Sur chacun de ces points, apparaît en filigrane, la cause de la crise (l'ultralibéralisme, c'est à dire l'affaiblissement de l'état par le laisser faire) et la solution: une  volonté politique forte.

Deux observations

On se trouve bien ici dans un discours de campagne et non dans celui de l'exercice du pouvoir. Si la distinction (de M Weber 3 ) a un sens, entre éthique de conviction et éthique de responsabilité, c'est bien ici! N'étant pas au pouvoir, les candidats peuvent (doivent) donner libre cours à leurs conviction; peuvent (doivent?) ne pas tenir compte de la réalité, du possible. On reconnaît le candidat à ceci même!

 A ce titre la cérémonie des voeux du Président cache effectivement quelque chose comme une candidature - au moins souhaitée-: il ne se pose, certes, pas du tout sur le plan des responsabilités assumées depuis deux mandats, mais uniquement du côté des aspirations volontaires, des convictions fortes qui selon lui doivent être les leit-motive  de la campagne ... et de la France!   

Vacuité des moyens et protubérance de la volonté sont effectivement les signes distinctifs de celui qui se présente devant nous avec la seule légitimité, son charisme, pour seule force, son ambition!

On remarquera ensuite le clin d'oeil (la ruse?) royaliste: la récupération du thème de l'insécurité - qui fut un des éléments de la chute de Jospin en 2002): déplacée du seul terrain de la violence urbaine vers celui plus général, de la violence économique et sociale, l'insécurité est retraduite dans la langue de la gauche. De gauche assurément cette force qui lui fait affirmer que la véritable richesse économique, c'est l'homme lui-même 5 , même si c'est au prix d'une acrobatie libérale (capital humain) !

Pour autant n'est-ce pas brouiller ipso facto les sirènes du participatif, dans la mesure même où c'est bien la figure protectrice, maternelle en même temps qu'autoritaire, qui craquelle ici !

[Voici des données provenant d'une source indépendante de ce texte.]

(* The group $\mathsf{Aut}$ of all affine bijections $\mathcal{G}_N\to\mathcal{G}_N$ is finite, and every $\sigma\in\mathsf{Aut}$ is completely determined by its restriction to $\mathcal{I}$.
   Context: $\mathcal{G}_N$ is the set of real symmetric positive semi-definite $N\times N$ matrices with unit diagonal; $\mathcal{I}$ is the set of Ising matrices $\mathbf{s}\mathbf{s}^\top$, $\mathbf{s}\in\{\pm1\}^N$. *)

theory Defs
  imports "HOL-Analysis.Analysis"
begin

text \<open>Elliptope G_N: real symmetric PSD N x N matrices with unit diagonal.
  N is the cardinality of the finite index type 'n.\<close>
definition elliptope :: "(real^'n^'n) set" where
  "elliptope = {X. transpose X = X \<and> (\<forall>x. 0 \<le> x \<bullet> (X *v x)) \<and> (\<forall>i. X $ i $ i = 1)}"

definition ising :: "(real^'n^'n) set" where
  "ising = {X. \<exists>s::real^'n. (\<forall>i. s $ i = 1 \<or> s $ i = -1) \<and> X = (\<chi> i j. s $ i * s $ j)}"

definition affine_map_on :: "'a::real_vector set \<Rightarrow> ('a \<Rightarrow> 'b::real_vector) \<Rightarrow> bool" where
  "affine_map_on S f \<longleftrightarrow> (\<forall>x\<in>S. \<forall>y\<in>S. \<forall>t::real. 0 \<le> t \<and> t \<le> 1 \<longrightarrow>
      f ((1 - t) *\<^sub>R x + t *\<^sub>R y) = (1 - t) *\<^sub>R f x + t *\<^sub>R f y)"

text \<open>Aut: affine bijections G_N -> G_N, represented as extensional functions
  (value undefined outside G_N), so that distinct elements are distinct maps on G_N.\<close>
definition Aut :: "(real^'n^'n \<Rightarrow> real^'n^'n) set" where
  "Aut = {f. f \<in> extensional elliptope \<and> bij_betw f elliptope elliptope \<and> affine_map_on elliptope f}"

end

theory Submission
  imports Defs
begin

text \<open>An affine map f on the elliptope satisfies f X = f I + L (X - I) with L linear: X - I is a
  combination, with coefficients in [-1, 1], of the matrices (E_ij + E_ji)/2, and f is affine on
  each segment I \<plusminus> (E_ij + E_ji)/2. These matrices are combinations of differences of Ising
  matrices, so an affine map on the elliptope is determined by its values on the Ising matrices.

  The Ising matrices are exactly the sharp points of the elliptope, the points at which it lies in a
  pointed cone. At an Ising matrix every entry is extremal. At any other point X some off-diagonal
  entry has |X_ij| < 1, and congruence by a shear moves X along a smooth arc inside the elliptope;
  the arc leaves X in two opposite directions, which no pointed cone contains. Affine bijections
  preserve sharp points, so every automorphism permutes the finite set of Ising matrices, and
  restriction to this set is injective on Aut.\<close>

section \<open>Affine maps on convex sets\<close>

lemma affine_map_onD:
  "affine_map_on S f \<Longrightarrow> x \<in> S \<Longrightarrow> y \<in> S \<Longrightarrow> 0 \<le> t \<Longrightarrow> t \<le> 1 \<Longrightarrow>
    f ((1 - t) *\<^sub>R x + t *\<^sub>R y) = (1 - t) *\<^sub>R f x + t *\<^sub>R f y"
  by (simp add: affine_map_on_def)

lemma affine_map_on_convex_sum:
  fixes f :: "'a::real_vector \<Rightarrow> 'b::real_vector"
  assumes S: "convex S" and f: "affine_map_on S f" and A: "finite A"
    and u: "sum u A = 1" "\<And>a. a \<in> A \<Longrightarrow> 0 \<le> u a" and x: "\<And>a. a \<in> A \<Longrightarrow> x a \<in> S"
  shows "f (\<Sum>a\<in>A. u a *\<^sub>R x a) = (\<Sum>a\<in>A. u a *\<^sub>R f (x a))"
  using A u x
proof (induction A arbitrary: u rule: finite_induct)
  case empty
  then show ?case by simp
next
  case (insert a A)
  define s where "s = sum u A"
  have s0: "0 \<le> s" unfolding s_def using insert.prems(2) by (simp add: sum_nonneg)
  have ua: "u a = 1 - s" using insert.prems(1) insert.hyps unfolding s_def by simp
  show ?case
  proof (cases "s = 0")
    case True
    then have "\<forall>b\<in>A. u b = 0"
      unfolding s_def using insert.prems(2) insert.hyps(1) by (subst (asm) sum_nonneg_eq_0_iff) auto
    then show ?thesis using insert.hyps ua True by simp
  next
    case False
    define v where "v b = u b / s" for b
    have v1: "sum v A = 1" and v0: "\<And>b. b \<in> A \<Longrightarrow> 0 \<le> v b"
      unfolding v_def using False s0 insert.prems(2) by (simp_all add: s_def sum_divide_distrib[symmetric])
    have xA: "\<And>b. b \<in> A \<Longrightarrow> x b \<in> S" and xa: "x a \<in> S" using insert.prems(3) by simp_all
    have y: "(\<Sum>b\<in>A. v b *\<^sub>R x b) \<in> S" using convex_sum[OF insert.hyps(1) S v1] v0 xA by auto
    have scale_x: "(\<Sum>b\<in>A. u b *\<^sub>R x b) = s *\<^sub>R (\<Sum>b\<in>A. v b *\<^sub>R x b)"
      and scale_fx: "(\<Sum>b\<in>A. u b *\<^sub>R f (x b)) = s *\<^sub>R (\<Sum>b\<in>A. v b *\<^sub>R f (x b))"
      unfolding v_def scaleR_sum_right using False by (auto intro: sum.cong)
    have s1: "s \<le> 1" using ua insert.prems(2)[of a] by simp
    have "f ((1 - s) *\<^sub>R x a + s *\<^sub>R (\<Sum>b\<in>A. v b *\<^sub>R x b)) =
          (1 - s) *\<^sub>R f (x a) + s *\<^sub>R f (\<Sum>b\<in>A. v b *\<^sub>R x b)"
      by (rule affine_map_onD[OF f xa y s0 s1])
    then show ?thesis using insert.hyps ua scale_x scale_fx insert.IH[OF v1 v0 xA] by simp
  qed
qed

lemma symmetric_segment_eq:
  "(1 - (1 + c) / 2) *\<^sub>R (a - v) + ((1 + c) / 2) *\<^sub>R (a + v) = a + c *\<^sub>R (v::'a::real_vector)"
proof -
  have "(1 - (1 + c) / 2) *\<^sub>R (a - v) + ((1 + c) / 2) *\<^sub>R (a + v)
      = ((1 - (1 + c) / 2) + (1 + c) / 2) *\<^sub>R a + (((1 + c) / 2) - (1 - (1 + c) / 2)) *\<^sub>R v"
    by (simp only: scaleR_add_left scaleR_diff_left scaleR_add_right scaleR_diff_right)
      (simp add: algebra_simps)
  also have "\<dots> = a + c *\<^sub>R v" by (simp add: field_simps)
  finally show ?thesis .
qed

lemma convex_symmetric_segment:
  assumes "convex S" "a + v \<in> S" "a - v \<in> S" "\<bar>c\<bar> \<le> 1"
  shows "a + c *\<^sub>R v \<in> S"
  using convexD_alt[OF assms(1,3,2), of "(1 + c) / 2"] assms(4) by (simp add: symmetric_segment_eq)

lemma affine_map_on_symmetric_segment:
  assumes S: "convex S" and f: "affine_map_on S f" and v: "a + v \<in> S" "a - v \<in> S" and c: "\<bar>c\<bar> \<le> 1"
  shows "f (a + c *\<^sub>R v) = f a + (c / 2) *\<^sub>R (f (a + v) - f (a - v))"
proof -
  have seg: "f (a + d *\<^sub>R v) = f (a - v) + ((1 + d) / 2) *\<^sub>R (f (a + v) - f (a - v))"
    if "\<bar>d\<bar> \<le> 1" for d
  proof -
    have "f (a + d *\<^sub>R v) = (1 - (1 + d) / 2) *\<^sub>R f (a - v) + ((1 + d) / 2) *\<^sub>R f (a + v)"
      using affine_map_onD[OF f v(2,1), of "(1 + d) / 2"] that by (simp add: symmetric_segment_eq)
    then show ?thesis by (simp add: algebra_simps)
  qed
  have "f (a + c *\<^sub>R v) = f a + ((1 + c) / 2 - 1 / 2) *\<^sub>R (f (a + v) - f (a - v))"
    using seg[OF c] seg[of 0] by (simp add: scaleR_diff_left)
  moreover have "(1 + c) / 2 - 1 / 2 = c / 2" by (simp add: field_simps)
  ultimately show ?thesis by simp
qed

lemma affine_map_on_expand:
  fixes f :: "'a::real_vector \<Rightarrow> 'b::real_vector" and v :: "'p \<Rightarrow> 'a"
  assumes S: "convex S" and f: "affine_map_on S f" and P: "finite P" "P \<noteq> {}"
    and dir: "\<And>p. p \<in> P \<Longrightarrow> a + v p \<in> S" "\<And>p. p \<in> P \<Longrightarrow> a - v p \<in> S"
    and c: "\<And>p. p \<in> P \<Longrightarrow> \<bar>c p\<bar> \<le> 1" and x: "a + (\<Sum>p\<in>P. c p *\<^sub>R v p) \<in> S"
  shows "f (a + (\<Sum>p\<in>P. c p *\<^sub>R v p)) = f a + (\<Sum>p\<in>P. (c p / 2) *\<^sub>R (f (a + v p) - f (a - v p)))"
proof -
  define x where "x = a + (\<Sum>p\<in>P. c p *\<^sub>R v p)"
  define W where "W = (\<Sum>p\<in>P. (c p / 2) *\<^sub>R (f (a + v p) - f (a - v p)))"
  define e where "e = 1 / real (card P)"
  have e: "0 < e" "e \<le> 1" "real (card P) * e = 1"
    unfolding e_def using P by (simp_all add: card_gt_0_iff Suc_leI)
  obtain p0 where "p0 \<in> P" using P(2) by blast
  then have a: "a \<in> S" using convex_symmetric_segment[OF S dir, of p0 0] by simp
  have y: "a + c p *\<^sub>R v p \<in> S" if "p \<in> P" for p
    using convex_symmetric_segment[OF S dir c] that by blast
  have sum_e: "(\<Sum>p\<in>P. e *\<^sub>R z) = z" for z :: "'c::real_vector"
    using e(3) by (simp add: sum_constant_scaleR)
  \<comment> \<open>The point on the segment from a to x at parameter e is the average of the points a + c p v p.\<close>
  have "(1 - e) *\<^sub>R a + e *\<^sub>R x = (\<Sum>p\<in>P. e *\<^sub>R (a + c p *\<^sub>R v p))"
    unfolding x_def by (simp add: scaleR_add_right sum.distrib scaleR_sum_right sum_e algebra_simps)
  then have "f ((1 - e) *\<^sub>R a + e *\<^sub>R x) = (\<Sum>p\<in>P. e *\<^sub>R f (a + c p *\<^sub>R v p))"
    using affine_map_on_convex_sum[OF S f P(1), of "\<lambda>_. e"] e y by (simp add: sum_e)
  also have "\<dots> = f a + e *\<^sub>R W"
    unfolding W_def using affine_map_on_symmetric_segment[OF S f dir c]
    by (simp add: scaleR_add_right sum.distrib scaleR_sum_right sum_e)
  finally have "(1 - e) *\<^sub>R f a + e *\<^sub>R f x = f a + e *\<^sub>R W"
    using affine_map_onD[OF f a x[folded x_def], of e] e by simp
  then have "e *\<^sub>R f x = e *\<^sub>R (f a + W)" by (simp add: algebra_simps)
  then show ?thesis unfolding x_def W_def using e by simp
qed

lemma affine_map_on_inv_into:
  assumes S: "convex S" and f: "affine_map_on S f" and inj: "inj_on f S"
  shows "affine_map_on (f ` S) (inv_into S f)"
  unfolding affine_map_on_def
proof (intro ballI allI impI)
  fix x y and t :: real assume x: "x \<in> f ` S" and y: "y \<in> f ` S" and t: "0 \<le> t \<and> t \<le> 1"
  then obtain x' y' where x': "x' \<in> S" "x = f x'" and y': "y' \<in> S" "y = f y'" by blast
  have "(1 - t) *\<^sub>R x' + t *\<^sub>R y' \<in> S" using convexD_alt[OF S x'(1) y'(1)] t by simp
  moreover have "f ((1 - t) *\<^sub>R x' + t *\<^sub>R y') = (1 - t) *\<^sub>R x + t *\<^sub>R y"
    using affine_map_onD[OF f x'(1) y'(1)] t x'(2) y'(2) by simp
  ultimately show "inv_into S f ((1 - t) *\<^sub>R x + t *\<^sub>R y) =
      (1 - t) *\<^sub>R inv_into S f x + t *\<^sub>R inv_into S f y"
    using inv_into_f_f[OF inj] x' y' by metis
qed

Faites moi confiance, je vous protégerai! On ne sait toujours pas comment!

 

1)sur le site de S Royal

 

2) Et d'abord pour éviter que les désordres que crée une mondialisation non maîtrisée, que face à eux il doit y avoir une puissance publique pleinement responsable, capable d’anticiper, de prévenir et d’investir dans l’avenir.

Ensuite pour amplifier son action et pour la rendre plus intelligente, je veux une puissance publique capable de travailler avec des partenaires sociaux à la légitimité renforcée. C'est le dialogue social à moderniser.

Et enfin pour mettre un terme à l’injustice scandaleuse qui fait supporter aux seuls salariés toute la charge des mutations que traverse notre pays, je veux une puissance publique qui sécurise, qui protège et qui accompagne.

 

3 « Nous en arrivons ainsi au problème décisif. Il est indispensable que nous nous rendions clairement compte du fait suivant : toute activité orientée selon l'éthique peut être subordonnée à deux maximes totalement différentes et irréductiblement opposées. Elle peut s'orienter selon l'éthique de la responsabilité [verantwortungsethisch] on selon l'éthique de la conviction [gesinnungsethisch]. Cela ne veut pas dire que l'éthique de conviction est identique à l'absence de responsabilité et l'éthique de responsabilité à l'absence de conviction. Il n'en est évidemment pas question. Toutefois il y a une opposition abyssale entre l'attitude de celui qui agit selon les maximes de l'éthique de conviction – dans un langage religieux nous dirions : "Le chrétien fait son devoir et en ce qui concerne le résultat de l'action il s'en remet à Dieu" –, et l'attitude de celui qui agit selon l'éthique de responsabilité qui dit : "Nous devons répondre des conséquences prévisibles de nos actes". »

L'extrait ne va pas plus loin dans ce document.